[Dataset records]

lemma cesaro_dist_uniform_sq_tendsto_0_iff:
  fixes A :: "real^'n^'n"
  assumes A: "stochastic A"
  shows "cesaro_mean (\<lambda>k. dist_uniform_sq (mpow A k)) \<longlonglongrightarrow> 0 \<longleftrightarrow>
    irreducible_mat A \<and> aperiodic_mat A \<and> bistochastic A"
proof
  let ?H = "\<lambda>k. dist_uniform_sq (mpow A k)"
  assume lim: "cesaro_mean ?H \<longlonglongrightarrow> 0"
  have bi: "bistochastic A"
    by (rule bistochastic_if_cesaro_dist_uniform_sq_tendsto_0[OF A lim])
  have "?H \<longlonglongrightarrow> 0"
    using le_cesaro_mean_if_decseq[OF decseq_dist_uniform_sq_mpow[OF bi]]
    by (intro Lim_null_comparison[OF always_eventually lim])
      (simp add: abs_of_nonneg[OF dist_uniform_sq_nonneg])
  then obtain K where "\<And>k. k \<ge> K \<Longrightarrow> ?H k < 1 / (real CARD('n))\<^sup>2"
    using LIMSEQ_D[of ?H 0 "1 / (real CARD('n))\<^sup>2"] by force
  then have "\<And>k i j. k \<ge> K \<Longrightarrow> mpow A k $ i $ j > 0"
    by (rule entry_pos_if_dist_uniform_sq_less)
  with bi show "irreducible_mat A \<and> aperiodic_mat A \<and> bistochastic A"
    using irreducible_aperiodic_if_eventually_pos by blast
next
  assume "irreducible_mat A \<and> aperiodic_mat A \<and> bistochastic A"
  then show "cesaro_mean (\<lambda>k. dist_uniform_sq (mpow A k)) \<longlonglongrightarrow> 0"
    by (intro cesaro_mean_tendsto_0 dist_uniform_sq_mpow_tendsto_0) auto
qed

section \<open>The performance ratio\<close>

lemma norm_sq_vec_eq_sum: "(norm (v :: real^'n))\<^sup>2 = (\<Sum>i\<in>UNIV. (v $ i)\<^sup>2)"
  unfolding power2_norm_eq_inner inner_vec_def by (simp add: power2_eq_square)

lemma theta_hat_error_eq:
  fixes A :: "real^'n^'n" and X :: "'n \<Rightarrow> nat \<Rightarrow> 'a \<Rightarrow> real"
  assumes A: "stochastic A"
  shows "real (Suc t) *\<^sub>R (theta_hat A X (Suc t) \<omega> - \<theta> *\<^sub>R 1) =
    (\<Sum>k<Suc t. mpow A (t - k) *v (obs_vec X (Suc k) \<omega> - \<theta> *\<^sub>R 1))"
proof (induction t)
  case (Suc t)
  let ?Y = "\<lambda>k. obs_vec X (Suc k) \<omega> - \<theta> *\<^sub>R (1::real^'n)"
  have "real (Suc (Suc t)) *\<^sub>R (theta_hat A X (Suc (Suc t)) \<omega> - \<theta> *\<^sub>R 1)
      = A *v (real (Suc t) *\<^sub>R (theta_hat A X (Suc t) \<omega> - \<theta> *\<^sub>R 1)) + ?Y (Suc t)"
    using stochastic_mult_one[OF A]
    by (simp add: matrix_vector_mult_scaleR algebra_simps del: of_nat_Suc) (simp add: vec_eq_iff algebra_simps)
  also have "\<dots> = (\<Sum>k<Suc t. A *v (mpow A (t - k) *v ?Y k)) + ?Y (Suc t)"
    by (simp only: Suc.IH linear_sum[OF matrix_vector_mul_linear])
  also have "\<dots> = (\<Sum>k<Suc t. mpow A (Suc t - k) *v ?Y k) + ?Y (Suc t)"
    by (auto simp: matrix_vector_mul_assoc Suc_diff_le simp del: sum.lessThan_Suc intro!: sum.cong)
  also have "\<dots> = (\<Sum>k<Suc (Suc t). mpow A (Suc t - k) *v ?Y k)"
    by simp
  finally show ?case .
qed simp

lemma integral_theta_hat_error_sq:
  fixes A :: "real^'n^'n" and X :: "'n \<Rightarrow> nat \<Rightarrow> 'a \<Rightarrow> real"
  assumes Z: "uncorrelated M (centered_obs X \<theta>) s" and A: "stochastic A"
  shows "(\<integral>\<omega>. (norm (theta_hat A X (Suc t) \<omega> - \<theta> *\<^sub>R 1))\<^sup>2 \<partial>M) =
    s / (real (Suc t))\<^sup>2 * (\<Sum>k<Suc t. frobenius_sq (mpow A k))"
proof -
  let ?J = "(UNIV :: 'n set) \<times> {..<Suc t}"
  let ?Z = "centered_obs X \<theta>"
  define c where "c i = (\<lambda>(j, k). mpow A (t - k) $ i $ j / real (Suc t))" for i
  have component: "(theta_hat A X (Suc t) \<omega> - \<theta> *\<^sub>R 1) $ i = (\<Sum>p\<in>?J. c i p * ?Z p \<omega>)" for i \<omega>
  proof -
    have "theta_hat A X (Suc t) \<omega> - \<theta> *\<^sub>R 1 = inverse (real (Suc t)) *\<^sub>R
        (\<Sum>k<Suc t. mpow A (t - k) *v (obs_vec X (Suc k) \<omega> - \<theta> *\<^sub>R 1))"
      unfolding theta_hat_error_eq[OF A, symmetric] by (simp del: of_nat_Suc)
    then have "(theta_hat A X (Suc t) \<omega> - \<theta> *\<^sub>R 1) $ i =
        (\<Sum>k<Suc t. \<Sum>j\<in>UNIV. c i (j, k) * ?Z (j, k) \<omega>)"
      by (simp add: c_def matrix_vector_mult_def obs_vec_def centered_obs_def sum_distrib_left
          divide_inverse ac_simps del: of_nat_Suc sum.lessThan_Suc)
    then show ?thesis
      unfolding sum.cartesian_product' by (subst sum.swap) simp
  qed
  have "(\<integral>\<omega>. (norm (theta_hat A X (Suc t) \<omega> - \<theta> *\<^sub>R 1))\<^sup>2 \<partial>M) =
      (\<Sum>i\<in>UNIV. \<integral>\<omega>. (\<Sum>p\<in>?J. c i p * ?Z p \<omega>)\<^sup>2 \<partial>M)"
    unfolding norm_sq_vec_eq_sum component
    by (simp add: integral_sum uncorrelated_integral_square_sum(1)[OF Z])
  also have "\<dots> = (\<Sum>i\<in>UNIV. s * (\<Sum>p\<in>?J. (c i p)\<^sup>2))"
    by (simp add: uncorrelated_integral_square_sum(2)[OF Z])
  also have "\<dots> = s / (real (Suc t))\<^sup>2 * (\<Sum>i\<in>UNIV. \<Sum>j\<in>UNIV. \<Sum>k<Suc t. (mpow A (t - k) $ i $ j)\<^sup>2)"
    by (simp add: c_def sum.cartesian_product' power_divide sum_distrib_left sum_divide_distrib
        del: of_nat_Suc sum.lessThan_Suc)
  also have "(\<Sum>i\<in>UNIV. \<Sum>j\<in>UNIV. \<Sum>k<Suc t. (mpow A (t - k) $ i $ j)\<^sup>2) =
      (\<Sum>k<Suc t. frobenius_sq (mpow A (t - k)))"
    unfolding frobenius_sq_def by (simp only: sum.swap[where B = "{..<Suc t}"])
  also have "(\<Sum>k<Suc t. frobenius_sq (mpow A (t - k))) = (\<Sum>k<Suc t. frobenius_sq (mpow A k))"
    using sum.nat_diff_reindex[of "\<lambda>k. frobenius_sq (mpow A k)" "Suc t"] by simp
  finally show ?thesis .
qed

lemma integral_grand_mean_error_sq:
  fixes X :: "'n::finite \<Rightarrow> nat \<Rightarrow> 'a \<Rightarrow> real"
  assumes Z: "uncorrelated M (centered_obs X \<theta>) s"
  shows "(\<integral>\<omega>. (norm ((grand_mean X (Suc t) \<omega> - \<theta>) *\<^sub>R (1::real^'n)))\<^sup>2 \<partial>M) = s / real (Suc t)"
proof -
  let ?J = "(UNIV :: 'n set) \<times> {..<Suc t}"
  let ?n = "real CARD('n) * real (Suc t)"
  have card_J: "real (card ?J) = ?n"
    by (simp add: card_cartesian_product algebra_simps)
  have "(\<Sum>p\<in>?J. 1 / ?n * centered_obs X \<theta> p \<omega>) =
      1 / ?n * ((\<Sum>i\<in>UNIV. \<Sum>k<Suc t. X i (Suc k) \<omega>) - ?n * \<theta>)" for \<omega>
    unfolding sum.cartesian_product'
    by (simp add: centered_obs_def sum_subtractf del: of_nat_Suc sum.lessThan_Suc
        flip: sum_divide_distrib)
  also have "\<dots> \<omega> = grand_mean X (Suc t) \<omega> - \<theta>" for \<omega>
    by (simp add: grand_mean_def sum.atLeast1_atMost_eq field_simps del: of_nat_Suc)
  finally have mean: "grand_mean X (Suc t) \<omega> - \<theta> = (\<Sum>p\<in>?J. 1 / ?n * centered_obs X \<theta> p \<omega>)" for \<omega>
    by simp
  have "(norm (1::real^'n))\<^sup>2 = real CARD('n)"
    by (simp add: norm_sq_vec_eq_sum)
  then have "(\<lambda>\<omega>. (norm ((grand_mean X (Suc t) \<omega> - \<theta>) *\<^sub>R (1::real^'n)))\<^sup>2) =
      (\<lambda>\<omega>. real CARD('n) * (\<Sum>p\<in>?J. 1 / ?n * centered_obs X \<theta> p \<omega>)\<^sup>2)"
    unfolding mean by (simp add: power_mult_distrib mult.commute del: of_nat_Suc)
  then have "(\<integral>\<omega>. (norm ((grand_mean X (Suc t) \<omega> - \<theta>) *\<^sub>R (1::real^'n)))\<^sup>2 \<partial>M) =
      real CARD('n) * (\<integral>\<omega>. (\<Sum>p\<in>?J. 1 / ?n * centered_obs X \<theta> p \<omega>)\<^sup>2 \<partial>M)"
    by simp
  also have "\<dots> = real CARD('n) * (s * (real (card ?J) * (1 / ?n)\<^sup>2))"
    by (subst uncorrelated_integral_square_sum(2)[OF Z]) simp_all
  also have "\<dots> = s / real (Suc t)"
    unfolding card_J by (simp add: power2_eq_square field_simps del: of_nat_Suc)
  finally show ?thesis .
qed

[/Dataset records]

Print exactly the lines above, between the one holding "(\<Sum>k<Suc (Suc t)." and the one holding "by (simp add: integral_sum", inclusive, and nothing besides.

Answer →
  also have "\<dots> = (\<Sum>k<Suc (Suc t). mpow A (Suc t - k) *v ?Y k)"
    by simp
  finally show ?case .
qed simp

lemma integral_theta_hat_error_sq:
  fixes A :: "real^'n^'n" and X :: "'n \<Rightarrow> nat \<Rightarrow> 'a \<Rightarrow> real"
  assumes Z: "uncorrelated M (centered_obs X \<theta>) s" and A: "stochastic A"
  shows "(\<integral>\<omega>. (norm (theta_hat A X (Suc t) \<omega> - \<theta> *\<^sub>R 1))\<^sup>2 \<partial>M) =
    s / (real (Suc t))\<^sup>2 * (\<Sum>k<Suc t. frobenius_sq (mpow A k))"
proof -
  let ?J = "(UNIV :: 'n set) \<times> {..<Suc t}"
  let ?Z = "centered_obs X \<theta>"
  define c where "c i = (\<lambda>(j, k). mpow A (t - k) $ i $ j / real (Suc t))" for i
  have component: "(theta_hat A X (Suc t) \<omega> - \<theta> *\<^sub>R 1) $ i = (\<Sum>p\<in>?J. c i p * ?Z p \<omega>)" for i \<omega>
  proof -
    have "theta_hat A X (Suc t) \<omega> - \<theta> *\<^sub>R 1 = inverse (real (Suc t)) *\<^sub>R
        (\<Sum>k<Suc t. mpow A (t - k) *v (obs_vec X (Suc k) \<omega> - \<theta> *\<^sub>R 1))"
      unfolding theta_hat_error_eq[OF A, symmetric] by (simp del: of_nat_Suc)
    then have "(theta_hat A X (Suc t) \<omega> - \<theta> *\<^sub>R 1) $ i =
        (\<Sum>k<Suc t. \<Sum>j\<in>UNIV. c i (j, k) * ?Z (j, k) \<omega>)"
      by (simp add: c_def matrix_vector_mult_def obs_vec_def centered_obs_def sum_distrib_left
          divide_inverse ac_simps del: of_nat_Suc sum.lessThan_Suc)
    then show ?thesis
      unfolding sum.cartesian_product' by (subst sum.swap) simp
  qed
  have "(\<integral>\<omega>. (norm (theta_hat A X (Suc t) \<omega> - \<theta> *\<^sub>R 1))\<^sup>2 \<partial>M) =
      (\<Sum>i\<in>UNIV. \<integral>\<omega>. (\<Sum>p\<in>?J. c i p * ?Z p \<omega>)\<^sup>2 \<partial>M)"
    unfolding norm_sq_vec_eq_sum component
    by (simp add: integral_sum uncorrelated_integral_square_sum(1)[OF Z])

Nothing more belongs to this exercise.